Not a single penny was lost and every single donation we did receive is now in those floating pieces of wood.

I am happy, let me feel this way, I am happy to see those faces smiling, those faces whose eyes have seen death, misery, hunger and cheaters finally have something to cheer. Their shy way to give me a “namaste”, their shy smile which barely has teeth, with the eyes nearly closed as they would be afraid to make contact with mine, is a big reward for myself.
A reward that I do not even deserve because all this has been possible thank to the hundreds of people who donated money to help other human beings in a distant and far away part of the world.

Now back in the car and on the way to Tuticorin, where I will meet other poor people and children affected by the Tsunami, but not only by that.
They are affected and crushed by the loan sharks and by the rich people`s exploitation, never any change in the history of man kind, right?

Kanyakumari, November 25th, 2548

C – COPYRIGHT / Claudio Romano

ILLUSION AND DUST



I know it may sound like a stereotyped social-worker/third world activist bullshit but being here, among all those poor crippled children, among severely hit C.P. patients really gives me food for thought.

What the fuck is life?
Is it the whores in Sukhmvit Road?
Or it is those children who can not even walk, they can just crawl their way into life?
Is this the Ying and the Yang?
Is not the first time I see those poor kids, I do not even remember how many times I did visit them but maybe coming straight from “Bangkok never ending party atmosphere” to here is like a punch in the stomach.

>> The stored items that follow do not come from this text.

lemma feinstein_term_le_info_spectrum:
  assumes t: "0 < real n powr \<beta>" and a: "a < real n * R1 + real n powr \<beta> * c"
  shows "measure_pmf.expectation (P n) (\<lambda>x. measure_pmf.prob (W n x)
           {y. ln (pmf (W n x) y / pmf (bind_pmf (P n) (W n)) y) \<le> a})
         \<le> info_spectrum \<beta> W R1 P n c"
  unfolding info_spectrum_def out_dist_def
proof (rule integral_mono)
  fix x
  have "{y. ln (pmf (W n x) y / pmf (bind_pmf (P n) (W n)) y) \<le> a}
     \<subseteq> {y. (ln (pmf (W n x) y / pmf (bind_pmf (P n) (W n)) y) - real n * R1) / real n powr \<beta> < c}"
    using a t by (auto simp: pos_divide_less_eq mult.commute)
  then show "measure_pmf.prob (W n x) {y. ln (pmf (W n x) y / pmf (bind_pmf (P n) (W n)) y) \<le> a}
    \<le> measure_pmf.prob (W n x)
        {y. (ln (pmf (W n x) y / pmf (bind_pmf (P n) (W n)) y) - real n * R1) / real n powr \<beta> < c}"
    by (rule measure_pmf.finite_measure_mono) simp
qed (auto intro: integrable_channel_prob)

lemma code_size_near_exp:
  assumes "0 \<le> x"
  obtains N :: nat where "1 \<le> N" "x \<le> ln (real N)" "real N \<le> 2 * exp x"
proof
  define N where "N = nat \<lceil>exp x\<rceil>"
  have ceil1: "(1::int) \<le> \<lceil>exp x\<rceil>" using assms by simp
  then show N1: "1 \<le> N" unfolding N_def by linarith
  have NN: "real N = real_of_int \<lceil>exp x\<rceil>" unfolding N_def using ceil1 by simp
  have "exp x \<le> real N" unfolding NN by (rule le_of_int_ceiling)
  then show "x \<le> ln (real N)" using N1 by (simp add: ln_ge_iff)
  have "real N \<le> exp x + 1" unfolding NN by (rule of_int_ceiling_le_add_one)
  also have "\<dots> \<le> 2 * exp x" using assms by simp
  finally show "real N \<le> 2 * exp x" .
qed
lemma zero_rows_mult_vec:
  assumes "A \<in> carrier_mat N s" "i \<in> zero_rows A" "z \<in> carrier_vec s"
  shows "(A *\<^sub>v z) $ i = 0"
  using assms unfolding zero_rows_def by (auto simp: scalar_prod_def intro!: sum.neutral)

lemma rows_sub_mult_vec_eq_0_iff:
  assumes A: "A \<in> carrier_mat N n" and I: "I \<subseteq> {..<N}" and v: "v \<in> carrier_vec n"
  shows "rows_sub A I *\<^sub>v v = 0\<^sub>v (card I) \<longleftrightarrow> (\<forall>i \<in> I. (A *\<^sub>v v) $ i = 0)"
proof -
  let ?l = "sorted_list_of_set I"
  have fin: "finite I" using I finite_subset by blast
  have len: "length ?l = card I" by simp
  have entry: "(rows_sub A I *\<^sub>v v) $ r = (A *\<^sub>v v) $ (?l ! r)" if "r < card I" for r
  proof -
    have "?l ! r \<in> I" using that fin nth_mem[of r ?l] by simp
    then show ?thesis using that A I v by (auto simp: rows_sub_def scalar_prod_def)
  qed
  have "(\<forall>r < card I. (A *\<^sub>v v) $ (?l ! r) = 0) \<longleftrightarrow> (\<forall>i \<in> I. (A *\<^sub>v v) $ i = 0)"
    using fin by (metis in_set_conv_nth len set_sorted_list_of_set)
  moreover have "rows_sub A I *\<^sub>v v = 0\<^sub>v (card I) \<longleftrightarrow> (\<forall>r < card I. (rows_sub A I *\<^sub>v v) $ r = 0)"
    by (auto simp: rows_sub_def vec_eq_iff)
  ultimately show ?thesis using entry by auto
qed

text \<open>On its nonzero rows the row-echelon matrix P H B is onto (ref_solvable), so only the zero
  rows constrain x; invertibility of P then passes from P H to H.\<close>

lemma rows_sub_zero_rows_kernel_iff:
  fixes H B P :: "'a::field mat"
  assumes H: "H \<in> carrier_mat N n" and B: "B \<in> carrier_mat n s"
    and P: "P \<in> carrier_mat N N" and inv: "invertible_mat P" and ref: "is_ref (P * (H * B))"
    and x: "x \<in> carrier_vec n"
  shows "rows_sub (P * H) (zero_rows (P * (H * B))) *\<^sub>v x = 0\<^sub>v (card (zero_rows (P * (H * B))))
    \<longleftrightarrow> (\<exists>z \<in> carrier_vec s. H *\<^sub>v (x - B *\<^sub>v z) = 0\<^sub>v N)"
proof -
  let ?A = "P * (H * B)" and ?Z = "zero_rows (P * (H * B))"
  have A: "?A \<in> carrier_mat N s" using P H B by simp
  have Z: "?Z \<subseteq> {..<N}" using A unfolding zero_rows_def by auto
  have P_diff: "P *\<^sub>v (H *\<^sub>v (x - B *\<^sub>v z)) = (P * H) *\<^sub>v x - ?A *\<^sub>v z" if "z \<in> carrier_vec s" for z
    using P H B x that by (simp add: mult_minus_distrib_mat_vec assoc_mult_mat_vec[OF P mult_carrier_mat[OF H B]])
  show ?thesis
    unfolding rows_sub_mult_vec_eq_0_iff[OF mult_carrier_mat[OF P H] Z x]
  proof
    assume "\<forall>i \<in> ?Z. (P * H *\<^sub>v x) $ i = 0"
    then obtain z where z: "z \<in> carrier_vec s" "?A *\<^sub>v z = (P * H) *\<^sub>v x"
      using ref_solvable[OF A ref, of "(P * H) *\<^sub>v x"] P H x by auto
    then have "P *\<^sub>v (H *\<^sub>v (x - B *\<^sub>v z)) = 0\<^sub>v N"
      using P_diff P H x by simp
    then have "H *\<^sub>v (x - B *\<^sub>v z) = 0\<^sub>v N"
      using invertible_mat_mult_vec_eq_0[OF P inv] H B x z by simp
    then show "\<exists>z \<in> carrier_vec s. H *\<^sub>v (x - B *\<^sub>v z) = 0\<^sub>v N" using z by blast
  next
    assume "\<exists>z \<in> carrier_vec s. H *\<^sub>v (x - B *\<^sub>v z) = 0\<^sub>v N"
    then obtain z where z: "z \<in> carrier_vec s" "H *\<^sub>v (x - B *\<^sub>v z) = 0\<^sub>v N" by blast
    then have diff: "(P * H) *\<^sub>v x - ?A *\<^sub>v z = 0\<^sub>v N"
      using P_diff[OF z(1)] P by simp
    show "\<forall>i \<in> ?Z. (P * H *\<^sub>v x) $ i = 0"
    proof
      fix i assume i: "i \<in> ?Z"
      then have "i < N" using Z by auto
      then have "(P * H *\<^sub>v x) $ i - (?A *\<^sub>v z) $ i = 0"
        using arg_cong[OF diff, of "\<lambda>v. v $ i"] P H B by (simp del: assoc_mult_mat_vec)
      then show "(P * H *\<^sub>v x) $ i = 0" using zero_rows_mult_vec[OF A i z(1)] by simp
    qed
  qed
qed

lemma blk_off_Suc: "j < length ns \<Longrightarrow> blk_off ns (Suc j) = blk_off ns j + ns ! j"
  unfolding blk_off_def by (simp add: take_Suc_conv_app_nth)

lemma blk_off_mono: "j \<le> j' \<Longrightarrow> blk_off ns j \<le> blk_off ns j'"
  unfolding blk_off_def by (metis le_Suc_ex sum_list_append take_add le_add1)

lemma blk_off_add_le: "j < length ns \<Longrightarrow> blk_off ns j + ns ! j \<le> sum_list ns"
  using blk_off_Suc[of j ns] blk_off_mono[of "Suc j" "length ns" ns] by (simp add: blk_off_def)

definition blk_vec :: "nat list \<Rightarrow> nat \<Rightarrow> 'a vec \<Rightarrow> 'a vec" where
  "blk_vec ns j v = vec (ns ! j) (\<lambda>x. v $ (blk_off ns j + x))"

definition blk_embed :: "nat list \<Rightarrow> nat \<Rightarrow> 'a::zero vec \<Rightarrow> 'a vec" where
  "blk_embed ns j x = vec (sum_list ns) (\<lambda>c.
     if blk_off ns j \<le> c \<and> c < blk_off ns j + ns ! j then x $ (c - blk_off ns j) else 0)"

definition blk_embed_mat :: "nat list \<Rightarrow> nat \<Rightarrow> 'a::zero mat \<Rightarrow> 'a mat" where
  "blk_embed_mat ns j M = mat (sum_list ns) (dim_col M) (\<lambda>(c, a).
     if blk_off ns j \<le> c \<and> c < blk_off ns j + ns ! j then M $$ (c - blk_off ns j, a) else 0)"

lemma blk_vec_carrier [simp]: "blk_vec ns j v \<in> carrier_vec (ns ! j)"
  unfolding blk_vec_def by simp

lemma blk_embed_carrier [simp]: "blk_embed ns j x \<in> carrier_vec (sum_list ns)"
  unfolding blk_embed_def by simp

lemma sum_blk:
  assumes j: "j < length ns"
  shows "(\<Sum>c<sum_list ns. if blk_off ns j \<le> c \<and> c < blk_off ns j + ns ! j then f (c - blk_off ns j) else 0)
     = (\<Sum>x<ns ! j. (f x :: 'a::comm_monoid_add))"
proof -
  let ?o = "blk_off ns j"
  have "(\<Sum>c<sum_list ns. if ?o \<le> c \<and> c < ?o + ns ! j then f (c - ?o) else 0)
      = (\<Sum>c \<in> {..<sum_list ns} \<inter> {?o..<?o + ns ! j}. f (c - ?o))"
    by (simp add: sum.inter_restrict atLeastLessThan_iff)
  also have "{..<sum_list ns} \<inter> {?o..<?o + ns ! j} = {?o..<?o + ns ! j}"
    using blk_off_add_le[OF j] by auto
  also have "(\<Sum>c \<in> {?o..<?o + ns ! j}. f (c - ?o)) = (\<Sum>x<ns ! j. f x)"
    by (rule sum.reindex_bij_witness[of _ "\<lambda>x. x + ?o" "\<lambda>c. c - ?o"]) auto
  finally show ?thesis .
qed

lemma mult_blk_embed:
  fixes M :: "'a::comm_ring_1 mat"
  assumes M: "M \<in> carrier_mat a (sum_list ns)" and j: "j < length ns" and x: "x \<in> carrier_vec (ns ! j)"
  shows "M *\<^sub>v blk_embed ns j x = blk ns M j *\<^sub>v x"
proof (rule eq_vecI)
  fix i assume "i < dim_vec (blk ns M j *\<^sub>v x)"
  then have i: "i < a" using M unfolding blk_def by simp
  have "(M *\<^sub>v blk_embed ns j x) $ i = (\<Sum>c<sum_list ns. if blk_off ns j \<le> c \<and> c < blk_off ns j + ns ! j
      then M $$ (i, blk_off ns j + (c - blk_off ns j)) * x $ (c - blk_off ns j) else 0)"
    using M i by (auto simp: scalar_prod_def lessThan_atLeast0 blk_embed_def intro!: sum.cong)
  also have "\<dots> = (\<Sum>y<ns ! j. M $$ (i, blk_off ns j + y) * x $ y)"
    by (rule sum_blk[OF j])
  also have "\<dots> = (blk ns M j *\<^sub>v x) $ i"
    using M i x by (simp add: blk_def scalar_prod_def lessThan_atLeast0)
  finally show "(M *\<^sub>v blk_embed ns j x) $ i = (blk ns M j *\<^sub>v x) $ i" .
qed (use M in \<open>auto simp: blk_def\<close>)

lemma blk_embed_mat_mult:
  fixes M :: "'a::comm_ring_1 mat"
  assumes "M \<in> carrier_mat (ns ! j) k" and "w \<in> carrier_vec k"
  shows "blk_embed_mat ns j M *\<^sub>v w = blk_embed ns j (M *\<^sub>v w)"
  using assms by (intro eq_vecI) (auto simp: blk_embed_mat_def blk_embed_def scalar_prod_def)

lemma blk_vec_add:
  assumes "u \<in> carrier_vec (sum_list ns)" "v \<in> carrier_vec (sum_list ns)" "j < length ns"
  shows "blk_vec ns j (u + v) = blk_vec ns j u + blk_vec ns j v"
  using assms blk_off_add_le[of j ns] by (intro eq_vecI) (auto simp: blk_vec_def)
lemma sigma_dmonom_0: "\<sigma> (dmonom 0 f) = dmonom 0 (sigma0 f)"
  unfolding sigma0_def by (rule sigma_dmonom_dmonom)

lemma sigma0_add: "sigma0 (f + g) = sigma0 f + sigma0 g"
proof -
  have "dmonom 0 (sigma0 (f + g)) = dadd (\<sigma> (dmonom 0 f)) (\<sigma> (dmonom 0 g))"
    by (simp flip: sigma_dmonom_0 dadd_dmonom add: sigma_dadd dmonom_in_Das)
  then show ?thesis by (simp add: sigma_dmonom_0 dadd_dmonom)
qed

lemma sigma0_mult: "sigma0 (f * g) = sigma0 f * sigma0 g"
proof -
  have "dmonom 0 (sigma0 (f * g)) = \<sigma> (dmult (dmonom 0 f) (dmonom 0 g))"
    by (simp add: sigma_dmonom_0 dmult_dmonom)
  also have "\<dots> = dmonom 0 (sigma0 g * sigma0 f)"
    by (simp only: sigma_dmult_dmonom sigma_dmonom_0) (simp add: dmult_dmonom)
  finally show ?thesis by (simp add: mult.commute)
qed

lemma sigma0_const: "sigma0 [:c:] = [:c:]"
proof -
  have "dmonom 0 (sigma0 [:c:]) = \<sigma> (dscale c (dmonom 0 1))"
    by (simp add: sigma_dmonom_0 dscale_dmonom)
  also have "\<dots> = dscale c (dmonom 0 1)"
    by (simp only: sigma_dscale[OF dmonom_in_Das] sigma_one)
  also have "\<dots> = dmonom 0 [:c:]"
    by (simp add: dscale_dmonom)
  finally show ?thesis by simp
qed

lemma sigma0_sigma0: "sigma0 (sigma0 f) = f"
  using sigma_sigma[OF dmonom_in_Das, of 0 f] by (simp add: sigma_dmonom_0)

definition sigmaD :: "complex poly" where
  "sigmaD = sigma0 [:0, 1:]"

lemma sigma0_eq_pcompose: "sigma0 f = pcompose f sigmaD"
  unfolding sigmaD_def by (rule ring_endo_poly_eq_pcompose[OF sigma0_add sigma0_mult sigma0_const])

lemma sigmaD_linear: "sigmaD = [:coeff sigmaD 0, coeff sigmaD 1:]"
proof (rule pcompose_self_eq_X_imp_linear)
  show "pcompose sigmaD sigmaD = [:0, 1:]"
    using sigma0_sigma0[of "[:0, 1:]"]
    by (simp add: sigma0_eq_pcompose pcompose_pCons flip: sigmaD_def)
qed

definition sigma_t_coeff :: complex where
  "sigma_t_coeff = coeff (\<sigma> (dmonom 1 1) 1) 0"

lemma sigma_t_coeff_nonzero: "sigma_t_coeff \<noteq> 0"
    and sigma_t_eq: "\<sigma> (dmonom 1 1) = dmonom 1 [:sigma_t_coeff:]"
    and sigma_t_inverse_eq: "\<sigma> (dmonom (-1) 1) = dmonom (-1) [:inverse sigma_t_coeff:]"
proof -
  define g where "g = \<sigma> (dmonom 1 1) 1"
  define h where "h = \<sigma> (dmonom (-1) 1) (-1)"
  have \<sigma>g: "\<sigma> (dmonom 1 1) = dmonom 1 g" and \<sigma>h: "\<sigma> (dmonom (-1) 1) = dmonom (-1) h"
    unfolding g_def h_def by (rule sigma_dmonom_dmonom)+
  have "dmult (dmonom (-1) 1) (dmonom 1 1) = dmonom 0 1" by (simp add: dmult_dmonom pcompose_1)
  then have "dmult (dmonom 1 g) (dmonom (-1) h) = dmonom 0 1"
    using sigma_dmult_dmonom[of "-1" 1 1 1] by (simp add: sigma_one \<sigma>g \<sigma>h)
  then have gh: "pcompose g [:-1, 1:] * h = 1" by (simp add: dmult_dmonom)
  then have g_eq: "g = [:sigma_t_coeff:]"
    unfolding sigma_t_coeff_def g_def[symmetric]
    by (metis dvd_triv_left unit_pcompose_shift_imp_const)
  with gh have ch: "smult sigma_t_coeff h = 1" by simp
  then show nz: "sigma_t_coeff \<noteq> 0" by auto
  show "\<sigma> (dmonom 1 1) = dmonom 1 [:sigma_t_coeff:]" using g_eq \<sigma>g by simp
  have "h = smult (inverse sigma_t_coeff) (smult sigma_t_coeff h)" using nz by simp
  then show "\<sigma> (dmonom (-1) 1) = dmonom (-1) [:inverse sigma_t_coeff:]"
    using ch \<sigma>h by simp
qed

I watch those girls, Jinumol, Gilu, Sujatha etc. and I think about their lives, how they must be feeling inside.
I wonder what they hide behind their wonderful smile that, for an old cynical fart like me, can not be real. Life has been too much cruel for them to allow them to smile like in such a way.
I think about so many people I know in Switzerland who are unable to put on a smile even if paid 1.000 Francs.

Life is not fair, this is sure.
Why were they born like this? If there is a God, I wonder why does it allow this to happen?
Is this only a matter of bad Karma?

Fuck shit, I have no clue of course, but here I am among those smiling children who basically have nothing to cheer about their life and I admire them so much.
I will never know what their smile is hiding, I can only imagine what kind of pain and sorrow they are having inside, but at least they are putting on a brave face against the shit life gave them… at least they do… how many among us would be able to, at least, do that?

I can not do too much for them, unless what I am doing now and shall this make me feel better?
Nope, I know what I am doing for them is next to nothing, I wish I could do more but maybe this is simply their fate, life is about acceptance as Buddha said and one thing is sure we can not go against life, we can just follow the flow, we have no control about anything. Life is impermanent.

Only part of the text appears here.